You may stop your ELISA at any time. I usually estimate the OD by eye, and if I think that the OD is fine, the plate will be stopped. You can simply use this shortened development time in your new protocol. By the way, most researchers would recommend a maximum OD of 1.0 due to linearity issues.

Another solution is to measure the absorbance several times at different times without stopping the reaction (you may have to choose another wavelength). Later you can choose the optimal measurements.

However, I assume that these low serum dilutions are unnecessary anyway. In most cases, you are only interested in high dilutions.

Dear Michael,

Thank you for your reply, very helpful. I'm wondering: when performing measurements at various timepoints, without stopping the reaction, I have to use 625 nm instead of 450. If for example it turns out that the OD625 is optimal at 6 minutes (lets say OD of 1.0), would a similar/equal OD425 be measured after stopping the reaction? In other words, are OD measurements at 625 and 450 nm related?

Yes, the values are related. As far as I remember, the absorbance would increase by about a factor of 2 after stopping it by acid. You may determine this factor experimentally quite easy.
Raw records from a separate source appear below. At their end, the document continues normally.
lemma Chernoff_sum_E:
  fixes h :: "nat \<Rightarrow> real \<Rightarrow> real"
  assumes J: "finite J" and "0 < \<theta>" and [measurable]: "\<And>j. h j \<in> borel_measurable borel"
  shows "emeasure M {\<omega>\<in>space M. x \<le> (\<Sum>j\<in>J. h j (E j \<omega>))}
     \<le> ennreal (exp (- \<theta> * x)) * (\<Prod>j\<in>J. \<integral>\<^sup>+\<omega>. ennreal (exp (\<theta> * h j (E j \<omega>))) \<partial>M)"
proof -
  have "emeasure M {\<omega>\<in>space M. x \<le> (\<Sum>j\<in>J. h j (E j \<omega>))}
     \<le> ennreal (exp (- \<theta> * x)) *
       (\<integral>\<^sup>+\<omega>. ennreal (exp (\<theta> * (\<Sum>j\<in>J. h j (E j \<omega>)))) * indicator (space M) \<omega> \<partial>M)"
    by (rule Chernoff_ineq_nn_integral_ge[OF assms(2)]) auto
  also have "(\<integral>\<^sup>+\<omega>. ennreal (exp (\<theta> * (\<Sum>j\<in>J. h j (E j \<omega>)))) * indicator (space M) \<omega> \<partial>M)
      = (\<integral>\<^sup>+\<omega>. (\<Prod>j\<in>J. ennreal (exp (\<theta> * h j (E j \<omega>)))) \<partial>M)"
    by (intro nn_integral_cong) (simp add: sum_distrib_left exp_sum J prod_ennreal)
  also have "\<dots> = (\<Prod>j\<in>J. \<integral>\<^sup>+\<omega>. ennreal (exp (\<theta> * h j (E j \<omega>))) \<partial>M)"
    by (rule nn_integral_prod_E[OF J]) simp
  finally show ?thesis .
qed

text \<open>As a_j \<le> j + 1, the epoch dominates p times a sum of independent Exp(j + 1) variables,
  whose Laplace transform at 2 is the product of the (j + 1) / (j + 3).\<close>
lemma prob_epoch_le:
  "prob {\<omega>\<in>space M. epoch p (sample_of E U \<omega>) (Suc k) \<le> t}
     \<le> exp (2 * t / p) * (2 / ((real k + 2) * (real k + 3)))"
proof -
  define n where "n = Suc k"
  have "emeasure M {\<omega>\<in>space M. epoch p (sample_of E U \<omega>) n \<le> t}
      \<le> emeasure M {\<omega>\<in>space M. - (t / p) \<le> (\<Sum>j\<in>{..<n}. - (E j \<omega> / (real j + 1)))}"
  proof (rule emeasure_mono_AE)
    show "AE \<omega> in M. \<omega> \<in> {\<omega>\<in>space M. epoch p (sample_of E U \<omega>) n \<le> t} \<longrightarrow>
        \<omega> \<in> {\<omega>\<in>space M. - (t / p) \<le> (\<Sum>j\<in>{..<n}. - (E j \<omega> / (real j + 1)))}"
      using AE_E_nonneg
    proof eventually_elim
      case (elim \<omega>)
      then have "p * (\<Sum>j<n. E j \<omega> / (real j + 1)) \<le> epoch p (sample_of E U \<omega>) n"
        using epoch_ge_harmonic_weighted[of p "sample_of E U \<omega>" n] p_pos by simp
      then show ?case using p_pos by (auto simp: sum_negf field_simps)
    qed
  qed simp
  also have "\<dots> \<le> ennreal (exp (- 2 * - (t / p))) *
      (\<Prod>j\<in>{..<n}. \<integral>\<^sup>+\<omega>. ennreal (exp (2 * - (E j \<omega> / (real j + 1)))) \<partial>M)"
    by (rule Chernoff_sum_E[where h="\<lambda>j y. - (y / (real j + 1))"]) auto
  also have "(\<Prod>j\<in>{..<n}. \<integral>\<^sup>+\<omega>. ennreal (exp (2 * - (E j \<omega> / (real j + 1)))) \<partial>M)
     = (\<Prod>j\<in>{..<n}. ennreal ((real j + 1) / (real j + 3)))"
  proof (intro prod.cong refl)
    fix j
    have "(\<integral>\<^sup>+\<omega>. ennreal (exp (2 * - (E j \<omega> / (real j + 1)))) \<partial>M) =
        (\<integral>\<^sup>+\<omega>. ennreal (exp (- (2 / (real j + 1)) * E j \<omega>)) \<partial>M)"
      by (simp add: field_simps)
    also have "\<dots> = ennreal (1 / (1 + 2 / (real j + 1)))"
      by (rule nn_integral_exp_E) (simp add: less_le_trans[of _ 0])
    finally show "(\<integral>\<^sup>+\<omega>. ennreal (exp (2 * - (E j \<omega> / (real j + 1)))) \<partial>M) =
        ennreal ((real j + 1) / (real j + 3))"
      by (simp add: field_simps)
  qed
  also have "\<dots> = ennreal (2 / ((real n + 1) * (real n + 2)))"
    by (simp add: prod_ennreal prod_frac_telescope)
  finally show ?thesis
    by (simp add: ennreal_mult'[symmetric] emeasure_eq_measure n_def ennreal_le_iff add.commute)
qed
As Michael Weller indicated you could read your plate at earlier substrate incubation times or use a wavelength with a lower optical extinction. But I think you are going about the ELISA optimization incorrectly, which may result in an unsatisfactory assay, especially in terms of reproducibility. The chessboard titration should initially be done with your positive control serum vs. the secondary antibody using your preferred substrate incubation times, wavelength, etc., but not with the antigen concentration. Generally, a concentration of antigen that is saturating for the plastic is desirable; using lower concentrations will result in your assay being affected by small differences in the amount of bound antigen. Usually [antigen] of 1-2 ug/ml is about right. Your positive control serum for this purpose should not be “highly positive”, just have a good elevated reactivity. From this analysis you should be able to establish a concentration of primary and secondary antibody that produces a desired OD in the desired substrate incubation time (usually ~1 hour). Your “highly positive” sample may then be over the range of the spec, but you can always dilute such unusual samples more than your standardized serum dilution and multiply the final OD by the additional dilution factor. Or better yet read the OD of a plate containing a highly-reactive sample at a shorter time point before it exceeds the spec capability, and multiply that OD by the average ratio of OD’s at that time point to that of the standard time using sample(s) run on the same plate that are within the spec-reading capacity. This ratio is constant (although not linear with time) regardless of the absolute antibody level. In this way you won’t compromise the sensitivity of the assay for low-level reactors. In general, you should avoid serum dilutions

Thank you for your replies! The problem was a lot of a-specific binding of Immunoglobulins. I tested various serum samples (including Ig depleted serum), various serum diluents and various blocking buffer combinations and found out the combination I was using was sub-optimal, hence leading to an overflow of the OD signal.

It seems that your reactant concentrations are not optimum. I had a similar problem. I suggest testing lower antigen concentration and higher serum dilution.